Figure 1.
Genomic organization of nhaAR region.
(A) Genomic representation of nhaAR and other operons under NhaR regulation in K-12 E.coli strain from http://www.ecocyc.org. All transcription or translation regulators are indicated. (B) GC percent along IAI39 nhaAR region (black line) and mean core genome GC percent (gray line) (C) Organization in various modules of nhaAR region. The modular organization of the region was defined using synteny breaks between 10 pathogenic and commensal E. coli and 2 clades strains from various phylogenetic groups including K-12 and H617 (two group A commensal strains), IAI1 and O26:H11 (two group B1 commensal strains), B367 (a group D commensal strain), 042 (an enteroaggregative group D, E2348/69 (an enteropathogenic group B2 strain), 536 (an extra-intestinal pathogen group B2 strain), O157:H7 Sakaï (an enterohemorrhagic group E strain). The two Escherichia clades (C) used were M863 (CI) and E1118 (CV). Five homologous modules have been defined, nhaAR operon being the third. Dark green: Fragmented or complete hokC toxin-antitoxin system coding genes; turquoise: Fragmented or conserved region associated with putative cerebroside sulfatase coding genes; blue: nhaAR region; pink: Fragmented or conserved region associated with putative adhesin/fimbrial like protein coding genes; yellow: Fragmented or conserved Type 3 secretion system coding genes. IS are also indicated.
Figure 2.
Multiple gains and losses of modules around nhaAR operon.

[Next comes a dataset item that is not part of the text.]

(* Let $N\ge 2$ be an integer, $\lambda\in[0,\frac{\pi}{2})$, and let $\mathcal{M}=(M_1,M_2,M_3)$ be a measurement scenario with $M_3=\{C_0,C_1\}$, $C_0,C_1\in[0,\pi)$. Then the quantum scenario $(|B(\lambda)\rangle,\mathcal{M})$ is a paradox whenever $\lambda,C_0,C_1,M_1,M_2$ satisfy one of the following conditions: (a) $N=2$ and the parameters describe the standard GHZ paradox, namely $\lambda=0$ and $M_1=M_2=M_3=\{0,\frac{\pi}{2}\}$. (b) $N>2$, $N$ is even, and there exist integers $s,t$ with $s$ even, $t$ odd, $1\le s<N$ and $1\le t\le s-1$, such that $C_0=0$, $\delta(\lambda,C_1)\equiv \frac{\pi}{N}s$, $\beta(\lambda,C_1)\equiv-\frac{\pi}{N}t$; and $M_1=M_2=\{\frac{k\pi}{N}:k=0,\dots,N-1\}$. In particular, if moreover $t=s/2$, then $\lambda=\frac{\pi}{2}-\frac{\pi}{N}t$ and $C_1=\frac{\pi}{2}$. (c) There exist integers $s,t'$ with $s$ even, $1\le s<N$ and $0\le t'\le s/2-1$, such that $C_1=\pi-C_0$, $\delta(\lambda,C_0)\equiv\delta(\lambda,C_1)\equiv\frac{\pi}{N}s$, $\beta(\lambda,C_0)\equiv-\frac{\pi}{N}(t'+\frac12)$, $\beta(\lambda,C_1)\equiv-\frac{\pi}{N}(s-t'-\frac12)$; and $M_1=\{\frac{k\pi}{N}:k=0,\dots,N-1\}$, $M_2=\{\frac{(k+\frac12)\pi}{N}:k=0,\dots,N-1\}$. (d) There exist integers $s,s',t'$ with $s,s'$ even, $t'$ odd, $1\le s<s'<N$ and $1\le|t'|\le N-1$, such that $\delta(\lambda,C_0)\equiv\frac{\pi}{N}s$, $\delta(\lambda,C_1)\equiv\frac{\pi}{N}s'$, $\beta(\lambda,C_1)-\beta(\lambda,C_0)\equiv\frac{\pi}{N}t'$; and, letting $t$ be the real number with $0<t<s$ and $\beta(\lambda,C_0)\equiv-\frac{\pi}{N}t$ and setting $\nu:=\lceil t\rceil-t$, we have $M_1=\{\frac{k\pi}{N}:k=0,\dots,N-1\}$ and $M_2=\{\frac{(k+\nu)\pi}{N}:k=0,\dots,N-1\}$.
   Context: Throughout, $\equiv$ denotes equality modulo $2\pi$. For $\varphi\in\mathbb{R}$, the equatorial measurement on a qubit is $E_\varphi=\cos\varphi\, X+\sin\varphi\, Y$, with $+1$ eigenvector $|\varphi\rangle=\frac{1}{\sqrt2}(|0\rangle+e^{i\varphi}|1\rangle)$ and $-1$ eigenvector $|\varphi+\pi\rangle$; outcomes $+1,-1$ are relabelled $0,1$. Measurements are identified with their angles. A measurement scenario $\mathcal{M}=(M_1,M_2,M_3)$ consists of finite sets $M_i\subseteq[0,\pi)$ of measurement angles for qubit $i$; its contexts are the triples $(A,B,C)\in M_1\times M_2\times M_3$. For a three-qubit state $|\psi\rangle$, the event $(A,B,C)\to(a,b,c)$ ($a,b,c\in\{0,1\}$) is impossible if $(\langle A+a\pi|\otimes\langle B+b\pi|\otimes\langle C+c\pi|)|\psi\rangle=0$. The quantum scenario $(|\psi\rangle,\mathcal{M})$ is a paradox if for every assignment $g$ of an outcome in $\{0,1\}$ to each measurement of $M_1$, $M_2$, $M_3$ (treated as disjoint sets) there is a context $(A,B,C)$ such that the event $(A,B,C)\to(g(A),g(B),g(C))$ is impossible. For $\lambda\in[0,\frac{\pi}{2})$ let $|v_\lambda\rangle=\cos\frac{\lambda}{2}|0\rangle+\sin\frac{\lambda}{2}|1\rangle$, $|w_\lambda\rangle=\sin\frac{\lambda}{2}|0\rangle+\cos\frac{\lambda}{2}|1\rangle$, and define the interpolant state $|B(\lambda)\rangle=\frac{1}{\sqrt2}(|0\rangle|0\rangle|v_\lambda\rangle+|1\rangle|1\rangle|w_\lambda\rangle)$. Define (modulo $2\pi$) $\beta(\lambda,\varphi)=\varphi-2\arctan\left(\frac{\cos\frac{\lambda}{2}\sin\varphi}{\sin\frac{\lambda}{2}+\cos\frac{\lambda}{2}\cos\varphi}\right)$ and $\delta(\lambda,\varphi)=\beta(\lambda,\varphi+\pi)-\beta(\lambda,\varphi)\equiv\pi-2\arctan(\sin\varphi\tan\lambda)$. *)

theory Defs
  imports Complex_Main
begin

A parsimonious scenario of gains and losses of the 5 modules defined in figure 1 is presented along the phylogenetic tree of the strains. – indicates losses and + acquisitions (colors of modules as in figure 1).
Figure 3.
MLST and nhaA phylogenetic trees for 121 strains of E. coli.
The trees were reconstructed from (A) multi-locus sequence typing of 8 partial housekeeping genes from the Pasteur scheme [7] representing the species phylogeny and (B) from the nhaA sequences using PHYML [19]. Bootstraps values are indicated. Strains studied and belonging to phylogenetic group B2 (red boxed) are indicated. Branches separating the B2 phylogenetic group strains from the other group strains are indicated in blue.
Figure 4.
Non B2 grew faster than B2 in high pH high osmolarity.
Boxplots of the doubling times (DT) in minutes of 12 B2 and 10 non-B2 representative strains of E. coli in LB, pH 8.5 with 350 mmol/L of sodium. We found a significant difference between B2 strains and non B2 strains using a Welch test (p = 0.001).
Figure 5.
Recombinant nhaA B2 strains have a lower virulence.
Lines represent the mean survival of OF1 mice after subcutaneous injection of 108 cells of the following strains: solid line: K-12 MG1655; dotted line: B2 strains lacking recombination in nhaA (i.e CFT073, 536, S88, RS218) and dashed line: strains showing evidence of recombination in nhaA region (i.e ED1a, E2348/65, SE15, B671, H001, TA103, TA435).
Figure 6.
Impact of nhaAR operon on virulence.
Lines represent the survival of OF1 mice after subcutaneous injection of 108 cells of the following strains. In (A), (B) and (C) black solid lines, K-12 MG1655 and red solid lines, strain 536. In (A) orange, blue and green solid lines, mice injected with mutants 536ΔnhaR, 536ΔnhaA and 536ΔnhaAR, respectively. In B (C) dashed-dotted lines, complemented mutants 536ΔnhaA pGCnhaAR (536ΔnhaAR pGCnhaAR), dashed lines, complemented mutants 536ΔnhaA pGCnhaA (536ΔnhaAR pGCnhaA), solid lines, 536ΔnhaA (536ΔnhaAR) and dotted lines, complemented mutants 536ΔnhaApGC (536ΔnhaAR pGC).